Build A Plane Needs Airplane Donations

Schools that sign up with Build A Plane to receive an airplane typically wait more than a year before a project aircraft is available.


Los Angeles, California, March 27, 2008 — Build A Plane, the non-profit organization that helps kids learn science, technology, engineering and mathematics by building real airplanes, is facing a critical shortage of donated aircraft.

“We have received more than 70 aircraft donations since Build A Plane began,” says founder Lyn Freeman, “but we have nearly 200 schools we’ve had to put on a waiting list.” Schools that sign up to receive an airplane typically wait more than a year before a project aircraft is available.

“When schools have to wait that long to receive an airplane, sometimes they move on to a different area of interest, away from aviation,” Freeman says. “We can’t afford to have that happen, so we really, really need more aircraft donations.”

Build A Plane is recognized by the Internal Revenue Service as a 501(c) (3) non-profit organization, so aircraft donors receive receipts for their contributions and may take the fullest deduction the law allows.

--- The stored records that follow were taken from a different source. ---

lemma hcat_mult_adjoint_hcat:
  assumes "A \<in> carrier_mat n a" "B \<in> carrier_mat n b" "A' \<in> carrier_mat n' a" "B' \<in> carrier_mat n' b"
  shows "hcat A B * adjoint_mat (hcat A' B') = A * adjoint_mat A' + B * adjoint_mat B'"
  using assms by (intro eq_matI) (auto simp: sum_lessThan_add_nat index_hcat)

lemma index_adjoint_hcat_mult_hcat:
  assumes "A \<in> carrier_mat n a" "B \<in> carrier_mat n b" "A' \<in> carrier_mat n a'" "B' \<in> carrier_mat n b'"
    and "i < a + b" "j < a' + b'"
  shows "(adjoint_mat (hcat A B) * hcat A' B') $$ (i,j) =
    (if i < a then if j < a' then (adjoint_mat A * A') $$ (i,j) else (adjoint_mat A * B') $$ (i, j - a')
     else if j < a' then (adjoint_mat B * A') $$ (i - a, j) else (adjoint_mat B * B') $$ (i - a, j - a'))"
  using assms by (auto simp: index_hcat)

lemma hcat_mult_kron_one:
  assumes A: "A \<in> carrier_mat k n" and B: "B \<in> carrier_mat k n" and M: "M \<in> carrier_mat 2 2"
  shows "hcat A B * kron M (1\<^sub>m n) =
    hcat (M $$ (0,0) \<cdot>\<^sub>m A + M $$ (1,0) \<cdot>\<^sub>m B) (M $$ (0,1) \<cdot>\<^sub>m A + M $$ (1,1) \<cdot>\<^sub>m B)"
proof (rule eq_matI)
  fix i j assume "i < dim_row (hcat (M $$ (0,0) \<cdot>\<^sub>m A + M $$ (1,0) \<cdot>\<^sub>m B) (M $$ (0,1) \<cdot>\<^sub>m A + M $$ (1,1) \<cdot>\<^sub>m B))"
    "j < dim_col (hcat (M $$ (0,0) \<cdot>\<^sub>m A + M $$ (1,0) \<cdot>\<^sub>m B) (M $$ (0,1) \<cdot>\<^sub>m A + M $$ (1,1) \<cdot>\<^sub>m B))"
  then have i: "i < k" and j: "j < n + n" using A B by auto
  have "n > 0" using j by simp
  then have kron_entry: "kron M (1\<^sub>m n) $$ (l, j) = (if l = j mod n then M $$ (0, j div n) else 0)"
    "kron M (1\<^sub>m n) $$ (n + l, j) = (if l = j mod n then M $$ (1, j div n) else 0)"
    if "l < n" for l
    using that j M by (simp_all add: index_kron mult_2)
  have "(hcat A B * kron M (1\<^sub>m n)) $$ (i,j)
      = (\<Sum>l<n. A $$ (i,l) * kron M (1\<^sub>m n) $$ (l, j))
      + (\<Sum>l<n. B $$ (i,l) * kron M (1\<^sub>m n) $$ (n + l, j))"
    using A B M i j by (simp add: sum_lessThan_add_nat index_hcat mult_2)
  also have "\<dots> = M $$ (0, j div n) * A $$ (i, j mod n) + M $$ (1, j div n) * B $$ (i, j mod n)"
    using j by (simp add: kron_entry if_distrib[of "\<lambda>x. _ * x"] sum.delta' mult.commute cong: if_cong)
  also have "\<dots> = hcat (M $$ (0,0) \<cdot>\<^sub>m A + M $$ (1,0) \<cdot>\<^sub>m B) (M $$ (0,1) \<cdot>\<^sub>m A + M $$ (1,1) \<cdot>\<^sub>m B) $$ (i,j)"
    using A B i j by (auto simp: index_hcat le_div_geq le_mod_geq)
  finally show "(hcat A B * kron M (1\<^sub>m n)) $$ (i,j) = \<dots>" .
qed (use A B M in auto)

definition mat_trace :: "'a :: comm_ring_1 mat \<Rightarrow> 'a" where
  "mat_trace A = (\<Sum>i<dim_row A. A $$ (i,i))"

lemma mat_trace_mult_comm:
  assumes "A \<in> carrier_mat n k" "B \<in> carrier_mat k n"
  shows "mat_trace (A * B) = mat_trace (B * A)"
proof -
  have "mat_trace (A * B) = (\<Sum>i<n. \<Sum>j<k. A $$ (i,j) * B $$ (j,i))"
    using assms by (simp add: mat_trace_def)
  also have "\<dots> = (\<Sum>j<k. \<Sum>i<n. B $$ (j,i) * A $$ (i,j))"
    by (subst sum.swap) (simp add: mult.commute)
  also have "\<dots> = mat_trace (B * A)"
    using assms by (simp add: mat_trace_def)
  finally show ?thesis .
qed

lemma mat_trace_add: "A \<in> carrier_mat n n \<Longrightarrow> B \<in> carrier_mat n n \<Longrightarrow> mat_trace (A + B) = mat_trace A + mat_trace B"
  by (simp add: mat_trace_def sum.distrib)

lemma mat_trace_smult: "A \<in> carrier_mat n n \<Longrightarrow> mat_trace (c \<cdot>\<^sub>m A) = c * mat_trace A"
  by (simp add: mat_trace_def sum_distrib_left)

lemma mat_trace_uminus: "A \<in> carrier_mat n n \<Longrightarrow> mat_trace (- A) = - mat_trace A"
  by (simp add: mat_trace_def sum_negf)

lemma mat_trace_one[simp]: "mat_trace (1\<^sub>m n) = of_nat n"
  by (simp add: mat_trace_def)

definition unit_col :: "nat \<Rightarrow> nat \<Rightarrow> 'a :: zero_neq_one mat" where
  "unit_col m j = mat m 1 (\<lambda>(i,_). if i = j then 1 else 0)"

lemma unit_col_carrier[simp]: "unit_col m j \<in> carrier_mat m 1"
  by (simp add: unit_col_def)

lemma index_mult_unit_col:
  assumes "(A :: 'a :: semiring_1 mat) \<in> carrier_mat n m" "i < n" "j < m"
  shows "(A * unit_col m j) $$ (i,0) = A $$ (i,j)"
  using assms by (simp add: unit_col_def if_distrib[of "\<lambda>x. _ * x"] sum.delta' cong: if_cong)

lemma eq_mat_by_unit_cols:
  assumes "(A :: 'a :: semiring_1 mat) \<in> carrier_mat n m" "B \<in> carrier_mat n m"
    and "\<And>j. j < m \<Longrightarrow> A * unit_col m j = B * unit_col m j"
  shows "A = B"
proof (rule eq_matI)
  fix i j assume "i < dim_row B" "j < dim_col B"
  with assms show "A $$ (i,j) = B $$ (i,j)"
    by (metis carrier_matD index_mult_unit_col)
qed (use assms in auto)

lemma col_mat_normalize:
  assumes q: "q \<in> carrier_mat m 1" and q0: "q \<noteq> 0\<^sub>m m 1"
  obtains c s :: complex where "adjoint_mat (c \<cdot>\<^sub>m q) * (c \<cdot>\<^sub>m q) = 1\<^sub>m 1" "q = s \<cdot>\<^sub>m (c \<cdot>\<^sub>m q)"
proof -
  define N where "N = (\<Sum>k<m. (cmod (q $$ (k,0)))\<^sup>2)"
  obtain k0 where k0: "k0 < m" "q $$ (k0,0) \<noteq> 0"
    using q q0 by (metis carrier_matD eq_matI index_zero_mat(1) less_one zero_carrier_mat)
  have "0 < (cmod (q $$ (k0,0)))\<^sup>2" using k0 by simp
  also have "\<dots> \<le> N" unfolding N_def using k0 by (intro member_le_sum) auto
  finally have N: "N > 0" .
  let ?c = "complex_of_real (1 / sqrt N)"
  have "adjoint_mat (?c \<cdot>\<^sub>m q) * (?c \<cdot>\<^sub>m q) = 1\<^sub>m 1"
  proof (rule eq_matI)
    fix i j assume "i < dim_row (1\<^sub>m 1 :: complex mat)" "j < dim_col (1\<^sub>m 1 :: complex mat)"
    then have "i = 0" "j = 0" by auto
    have "(adjoint_mat (?c \<cdot>\<^sub>m q) * (?c \<cdot>\<^sub>m q)) $$ (0,0)
        = (\<Sum>k<m. complex_of_real ((cmod (q $$ (k,0)))\<^sup>2 / N))"
      using q N by (auto simp: complex_norm_square power_divide field_simps
        simp flip: of_real_mult of_real_power intro!: sum.cong)
    also have "\<dots> = 1"
      using N unfolding of_real_sum[symmetric] sum_divide_distrib[symmetric] N_def[symmetric] by simp
    finally show "(adjoint_mat (?c \<cdot>\<^sub>m q) * (?c \<cdot>\<^sub>m q)) $$ (i,j) = 1\<^sub>m 1 $$ (i,j)"
      using \<open>i = 0\<close> \<open>j = 0\<close> by simp
  qed (use q in auto)
  moreover have "q = complex_of_real (sqrt N) \<cdot>\<^sub>m (?c \<cdot>\<^sub>m q)"
    using q N by (intro eq_matI) auto
  ultimately show ?thesis by (rule that)
qed

lemma isometry_hcat_unit_col:
  assumes E: "E \<in> carrier_mat m r" "adjoint_mat E * E = 1\<^sub>m r"
    and u: "u \<in> carrier_mat m 1" "adjoint_mat u * u = 1\<^sub>m 1" and Eu: "adjoint_mat E * u = 0\<^sub>m r 1"
  shows "adjoint_mat (hcat E u) * hcat E u = 1\<^sub>m (r + 1)"
    and "adjoint_mat u * E = 0\<^sub>m 1 r"
    and "\<And>x. x \<in> carrier_mat m 1 \<Longrightarrow>
      hcat E u * adjoint_mat (hcat E u) * x = E * (adjoint_mat E * x) + u * (adjoint_mat u * x)"
    and "\<And>x. x \<in> carrier_mat m 1 \<Longrightarrow> E * adjoint_mat E * x = x \<Longrightarrow>
      hcat E u * adjoint_mat (hcat E u) * x = x"
proof -
  have aE: "adjoint_mat E \<in> carrier_mat r m" and au: "adjoint_mat u \<in> carrier_mat 1 m"
    using E u by auto
  show uE: "adjoint_mat u * E = 0\<^sub>m 1 r"
    using arg_cong[OF Eu, of adjoint_mat] adjoint_mat_mult[OF aE u(1)] by simp
  show "adjoint_mat (hcat E u) * hcat E u = 1\<^sub>m (r + 1)"
  proof (rule eq_matI)
    fix i j assume "i < dim_row (1\<^sub>m (r + 1) :: complex mat)" "j < dim_col (1\<^sub>m (r + 1) :: complex mat)"
    then have ij: "i < r + 1" "j < r + 1" by auto
    show "(adjoint_mat (hcat E u) * hcat E u) $$ (i,j) = 1\<^sub>m (r + 1) $$ (i,j)"
      unfolding index_adjoint_hcat_mult_hcat[OF E(1) u(1) E(1) u(1) ij]
      using ij E(2) u(2) Eu uE by (auto simp del: index_mult_mat_lessThan simp: less_Suc_eq)
  qed (use E(1) u(1) in auto)
  show proj: "hcat E u * adjoint_mat (hcat E u) * x = E * (adjoint_mat E * x) + u * (adjoint_mat u * x)"
    if x: "x \<in> carrier_mat m 1" for x
    unfolding hcat_mult_adjoint_hcat[OF E(1) u(1) E(1) u(1)] using E(1) aE u(1) au x
    by (simp add: add_mult_distrib_mat[of _ m m] assoc_mult_mat[OF E(1) aE x] assoc_mult_mat[OF u(1) au x])
  show "hcat E u * adjoint_mat (hcat E u) * x = x"
    if x: "x \<in> carrier_mat m 1" and Ex: "E * adjoint_mat E * x = x" for x
  proof -
    have "adjoint_mat u * x = adjoint_mat u * (E * (adjoint_mat E * x))"
      using Ex assoc_mult_mat[OF E(1) aE x] by simp
    also have "\<dots> = 0\<^sub>m 1 1"
      using assoc_mult_mat_eq[OF au E(1) mult_carrier_mat[OF aE x] uE] E(1) x by simp
    finally show ?thesis
      using proj[OF x] Ex assoc_mult_mat[OF E(1) aE x] x u(1) by simp
  qed
qed

lemma isometry_residual:
  assumes E: "E \<in> carrier_mat m r" "adjoint_mat E * E = 1\<^sub>m r" and p: "p \<in> carrier_mat m 1"
  shows "adjoint_mat E * (p - E * (adjoint_mat E * p)) = 0\<^sub>m r 1"
    and "E * (adjoint_mat E * p) + (p - E * (adjoint_mat E * p)) = p"
    and "P \<in> carrier_mat m m \<Longrightarrow> P * E = E \<Longrightarrow> P * p = p \<Longrightarrow>
      P * (p - E * (adjoint_mat E * p)) = p - E * (adjoint_mat E * p)"
proof -
  have aE: "adjoint_mat E \<in> carrier_mat r m" using E by auto
  have EEp: "E * (adjoint_mat E * p) \<in> carrier_mat m 1"
    using E(1) aE p by (rule mult_carrier_mat[OF _ mult_carrier_mat])
  show "adjoint_mat E * (p - E * (adjoint_mat E * p)) = 0\<^sub>m r 1"
    using E aE p
    by (simp add: mult_minus_distrib_mat[OF aE p EEp] assoc_mult_mat_eq[OF aE E(1) mult_carrier_mat[OF aE p] E(2)]
      minus_r_inv_mat[OF mult_carrier_mat[OF aE p]])
  show "E * (adjoint_mat E * p) + (p - E * (adjoint_mat E * p)) = p"
    using p EEp by (intro eq_matI) auto
  show "P * (p - E * (adjoint_mat E * p)) = p - E * (adjoint_mat E * p)"
    if P: "P \<in> carrier_mat m m" "P * E = E" "P * p = p"
    using E aE p P
    by (simp add: mult_minus_distrib_mat[OF P(1) p EEp] assoc_mult_mat_eq[OF P(1) E(1) mult_carrier_mat[OF aE p] P(2)])
qed

lemma isometry_extend:
  assumes E: "E \<in> carrier_mat m r" "adjoint_mat E * E = 1\<^sub>m r" and p: "p \<in> carrier_mat m 1"
    and P: "P \<in> carrier_mat m m" "P * E = E" "P * p = p"
  obtains r' E' where "E' \<in> carrier_mat m r'" "adjoint_mat E' * E' = 1\<^sub>m r'" "P * E' = E'"
    "E' * adjoint_mat E' * p = p"
    "\<And>x. x \<in> carrier_mat m 1 \<Longrightarrow> E * adjoint_mat E * x = x \<Longrightarrow> E' * adjoint_mat E' * x = x"
proof -
  have aE: "adjoint_mat E \<in> carrier_mat r m" using E by auto
  define q where "q = p - E * (adjoint_mat E * p)"
  have q: "q \<in> carrier_mat m 1" using p E unfolding q_def by auto
  have EEp: "E * (adjoint_mat E * p) \<in> carrier_mat m 1"
    using E(1) aE p by (rule mult_carrier_mat[OF _ mult_carrier_mat])
  note residual = isometry_residual[OF E p, folded q_def]
  note p_decomp = residual(2)[symmetric] and Eq = residual(1) and Pq = residual(3)[OF P]
  show ?thesis
  proof (cases "q = 0\<^sub>m m 1")
    case True
    then have "E * (adjoint_mat E * p) = p"
      using p_decomp right_add_zero_mat[OF EEp] by metis
    then have "E * adjoint_mat E * p = p"
      using assoc_mult_mat[OF E(1) aE p] by simp
    then show ?thesis using E P by (intro that[of E]) auto
  next
    case False
    obtain c s where "adjoint_mat (c \<cdot>\<^sub>m q) * (c \<cdot>\<^sub>m q) = 1\<^sub>m 1" "q = s \<cdot>\<^sub>m (c \<cdot>\<^sub>m q)"
      using col_mat_normalize[OF q False] .
    moreover define u where "u = c \<cdot>\<^sub>m q"
    ultimately have uu: "adjoint_mat u * u = 1\<^sub>m 1" and qs: "q = s \<cdot>\<^sub>m u" by simp_all
    have u: "u \<in> carrier_mat m 1" and au: "adjoint_mat u \<in> carrier_mat 1 m"
      using q unfolding u_def by auto
    have Eu: "adjoint_mat E * u = 0\<^sub>m r 1"
      unfolding u_def using Eq by (simp add: mult_smult_distrib[OF aE q])
    note E' = isometry_hcat_unit_col[OF E u uu Eu]
    have "P * u = u"
      unfolding u_def using Pq by (simp add: mult_smult_distrib[OF P(1) q])
    then have PE': "P * hcat E u = hcat E u"
      using P(2) by (simp add: mult_hcat[OF P(1) E(1) u])
    have "hcat E u * adjoint_mat (hcat E u) * p = p"
    proof -
      have "adjoint_mat u * p = adjoint_mat u * (E * (adjoint_mat E * p)) + adjoint_mat u * q"
        by (subst p_decomp) (rule mult_add_distrib_mat[OF au EEp q])
      also have "adjoint_mat u * (E * (adjoint_mat E * p)) = 0\<^sub>m 1 1"
        using assoc_mult_mat_eq[OF au E(1) mult_carrier_mat[OF aE p] E'(2)] E(1) p by simp
      also have "adjoint_mat u * q = s \<cdot>\<^sub>m 1\<^sub>m 1"
        unfolding qs using uu by (simp add: mult_smult_distrib[OF au u])
      moreover have "u * (s \<cdot>\<^sub>m 1\<^sub>m 1) = q"
        using u qs by (intro eq_matI) auto
      ultimately have "u * (adjoint_mat u * p) = q" by simp
      then show ?thesis using E'(3)[OF p] p_decomp by simp
    qed
    then show ?thesis by (rule that[OF hcat_carrier[OF E(1) u] E'(1) PE' _ E'(4)])
  qed
qed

Build A Plane redirects aircraft donations to high schools across the country at no charge. Those airplane projects become teaching tools to motivate kids to learn science, technology, engineering and math, as well as foster interest in aviation.

The program’s tremendous success has drawn support from a variety of general aviation industry leaders. Members of Build A Plane’s Advisory Board include Jack Pelton, president and CEO of Cessna Aircraft Company, Tom Poberezny, president of the Experimental Aircraft Association, Ed Bolen, president and CEO of the National Business Aviation Association, Peter Bunce, president and CEO of the General Aviation Manufacturers Association, Bruce Landsberg, president of the AOPA Air Safety Foundation, Matthew Desch, Chairman and CEO of Iridium and Burt Rutan, president of Scaled Composites.

“It’s amazing to see what happens when a Build A Plane aircraft shows up at a high school,” says Katrina Bradshaw, the program’s executive director. “Kids who have not even started to think about what they want to do when they grow up suddenly see a real airplane right in their classroom. The next thing you know kids are learning about the technology and math and engineering and science of aviation, and then we see kids enroll in flying lessons, aviation technician programs and all kinds of things. It’s really very exciting!”